**YOUR OBJECTIVE**
Each line of the data below containing "auto" needs to be listed.

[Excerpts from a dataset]
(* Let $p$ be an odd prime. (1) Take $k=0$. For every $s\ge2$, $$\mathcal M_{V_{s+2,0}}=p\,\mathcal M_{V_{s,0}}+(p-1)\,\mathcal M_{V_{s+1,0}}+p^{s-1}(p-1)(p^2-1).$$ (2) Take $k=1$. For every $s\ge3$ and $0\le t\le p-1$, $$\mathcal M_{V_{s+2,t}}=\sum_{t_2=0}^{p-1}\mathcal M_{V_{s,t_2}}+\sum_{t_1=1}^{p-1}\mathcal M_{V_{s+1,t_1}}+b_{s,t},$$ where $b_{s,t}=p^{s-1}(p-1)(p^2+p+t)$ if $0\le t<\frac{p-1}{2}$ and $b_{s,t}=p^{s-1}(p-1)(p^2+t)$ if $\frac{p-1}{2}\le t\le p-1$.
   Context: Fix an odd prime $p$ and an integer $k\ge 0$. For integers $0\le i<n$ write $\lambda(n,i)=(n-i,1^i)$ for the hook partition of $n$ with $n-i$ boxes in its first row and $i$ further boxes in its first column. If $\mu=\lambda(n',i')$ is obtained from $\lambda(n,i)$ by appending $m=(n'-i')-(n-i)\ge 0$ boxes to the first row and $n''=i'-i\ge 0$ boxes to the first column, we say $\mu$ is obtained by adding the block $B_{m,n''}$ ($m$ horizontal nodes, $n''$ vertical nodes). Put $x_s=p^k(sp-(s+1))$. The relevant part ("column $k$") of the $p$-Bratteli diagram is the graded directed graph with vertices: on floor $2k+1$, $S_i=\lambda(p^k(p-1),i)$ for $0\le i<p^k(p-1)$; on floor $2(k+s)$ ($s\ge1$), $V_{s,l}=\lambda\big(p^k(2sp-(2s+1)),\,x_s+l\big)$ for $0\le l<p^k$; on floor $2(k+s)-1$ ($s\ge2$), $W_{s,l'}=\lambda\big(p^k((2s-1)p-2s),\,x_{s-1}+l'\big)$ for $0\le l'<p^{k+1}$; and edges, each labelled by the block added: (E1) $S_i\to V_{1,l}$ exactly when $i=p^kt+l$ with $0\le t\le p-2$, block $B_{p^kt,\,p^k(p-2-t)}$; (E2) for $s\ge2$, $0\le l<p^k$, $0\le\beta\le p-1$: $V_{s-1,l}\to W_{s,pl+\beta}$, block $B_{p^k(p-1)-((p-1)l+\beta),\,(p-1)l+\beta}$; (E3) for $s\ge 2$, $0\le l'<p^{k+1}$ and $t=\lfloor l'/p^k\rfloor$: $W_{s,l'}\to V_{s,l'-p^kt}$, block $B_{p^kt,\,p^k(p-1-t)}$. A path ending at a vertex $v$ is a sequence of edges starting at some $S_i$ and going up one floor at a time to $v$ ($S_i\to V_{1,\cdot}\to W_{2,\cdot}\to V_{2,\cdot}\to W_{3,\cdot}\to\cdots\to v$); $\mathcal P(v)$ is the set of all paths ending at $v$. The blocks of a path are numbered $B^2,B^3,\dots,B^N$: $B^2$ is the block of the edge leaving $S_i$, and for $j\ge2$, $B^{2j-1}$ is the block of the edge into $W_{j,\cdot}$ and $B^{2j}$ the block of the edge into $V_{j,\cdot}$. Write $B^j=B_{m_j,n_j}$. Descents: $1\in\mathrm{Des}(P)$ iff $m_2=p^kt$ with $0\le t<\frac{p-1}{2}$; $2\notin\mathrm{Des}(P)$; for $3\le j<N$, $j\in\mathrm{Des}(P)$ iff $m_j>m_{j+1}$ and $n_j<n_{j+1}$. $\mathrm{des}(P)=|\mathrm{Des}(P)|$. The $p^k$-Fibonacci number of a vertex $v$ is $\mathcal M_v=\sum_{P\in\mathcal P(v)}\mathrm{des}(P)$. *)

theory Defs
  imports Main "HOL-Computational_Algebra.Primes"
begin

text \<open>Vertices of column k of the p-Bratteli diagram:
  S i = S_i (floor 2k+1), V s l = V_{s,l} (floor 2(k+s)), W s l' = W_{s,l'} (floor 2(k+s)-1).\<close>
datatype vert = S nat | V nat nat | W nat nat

...

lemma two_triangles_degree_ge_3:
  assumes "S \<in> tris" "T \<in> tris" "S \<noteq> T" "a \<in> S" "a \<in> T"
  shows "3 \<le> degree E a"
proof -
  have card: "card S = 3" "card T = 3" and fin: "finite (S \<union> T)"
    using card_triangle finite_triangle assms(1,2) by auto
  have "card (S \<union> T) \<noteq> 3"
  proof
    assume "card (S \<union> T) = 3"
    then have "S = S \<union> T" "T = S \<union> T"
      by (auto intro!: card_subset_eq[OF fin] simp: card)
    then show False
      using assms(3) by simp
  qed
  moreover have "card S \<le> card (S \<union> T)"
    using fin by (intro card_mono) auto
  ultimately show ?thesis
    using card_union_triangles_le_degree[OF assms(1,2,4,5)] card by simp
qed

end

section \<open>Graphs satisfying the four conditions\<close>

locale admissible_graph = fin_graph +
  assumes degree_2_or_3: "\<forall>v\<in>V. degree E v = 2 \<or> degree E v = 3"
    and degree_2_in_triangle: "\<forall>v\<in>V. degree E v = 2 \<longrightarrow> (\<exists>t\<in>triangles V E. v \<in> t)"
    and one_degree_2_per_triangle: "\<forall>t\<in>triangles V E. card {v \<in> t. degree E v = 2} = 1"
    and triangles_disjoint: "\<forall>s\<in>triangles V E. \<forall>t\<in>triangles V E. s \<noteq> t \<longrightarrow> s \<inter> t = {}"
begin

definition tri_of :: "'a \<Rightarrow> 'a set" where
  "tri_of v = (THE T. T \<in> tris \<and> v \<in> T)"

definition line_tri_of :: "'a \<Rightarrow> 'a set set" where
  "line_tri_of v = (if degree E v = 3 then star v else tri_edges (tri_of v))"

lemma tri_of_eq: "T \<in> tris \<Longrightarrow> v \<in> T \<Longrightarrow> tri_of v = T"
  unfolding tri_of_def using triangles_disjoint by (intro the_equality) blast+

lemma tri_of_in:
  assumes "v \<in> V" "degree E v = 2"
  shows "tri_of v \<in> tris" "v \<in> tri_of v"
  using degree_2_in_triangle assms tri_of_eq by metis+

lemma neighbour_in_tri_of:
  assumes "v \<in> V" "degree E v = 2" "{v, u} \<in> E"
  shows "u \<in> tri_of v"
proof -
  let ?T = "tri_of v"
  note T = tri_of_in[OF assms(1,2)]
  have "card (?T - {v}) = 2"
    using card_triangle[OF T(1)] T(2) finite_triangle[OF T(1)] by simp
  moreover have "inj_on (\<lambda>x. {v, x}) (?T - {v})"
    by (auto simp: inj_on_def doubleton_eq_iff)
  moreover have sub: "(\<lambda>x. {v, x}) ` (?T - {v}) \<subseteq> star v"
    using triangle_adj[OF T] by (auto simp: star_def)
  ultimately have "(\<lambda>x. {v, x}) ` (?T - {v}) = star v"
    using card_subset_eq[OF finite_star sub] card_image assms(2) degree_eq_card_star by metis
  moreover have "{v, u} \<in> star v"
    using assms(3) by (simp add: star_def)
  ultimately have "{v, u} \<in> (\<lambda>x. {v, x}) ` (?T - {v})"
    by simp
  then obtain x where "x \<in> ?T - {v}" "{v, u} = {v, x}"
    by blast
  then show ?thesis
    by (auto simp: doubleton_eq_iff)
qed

**RESULT**
    using card_triangle finite_triangle assms(1,2) by auto
      by (auto intro!: card_subset_eq[OF fin] simp: card)
    using fin by (intro card_mono) auto
    by (auto simp: inj_on_def doubleton_eq_iff)
    using triangle_adj[OF T] by (auto simp: star_def)
    by (auto simp: doubleton_eq_iff)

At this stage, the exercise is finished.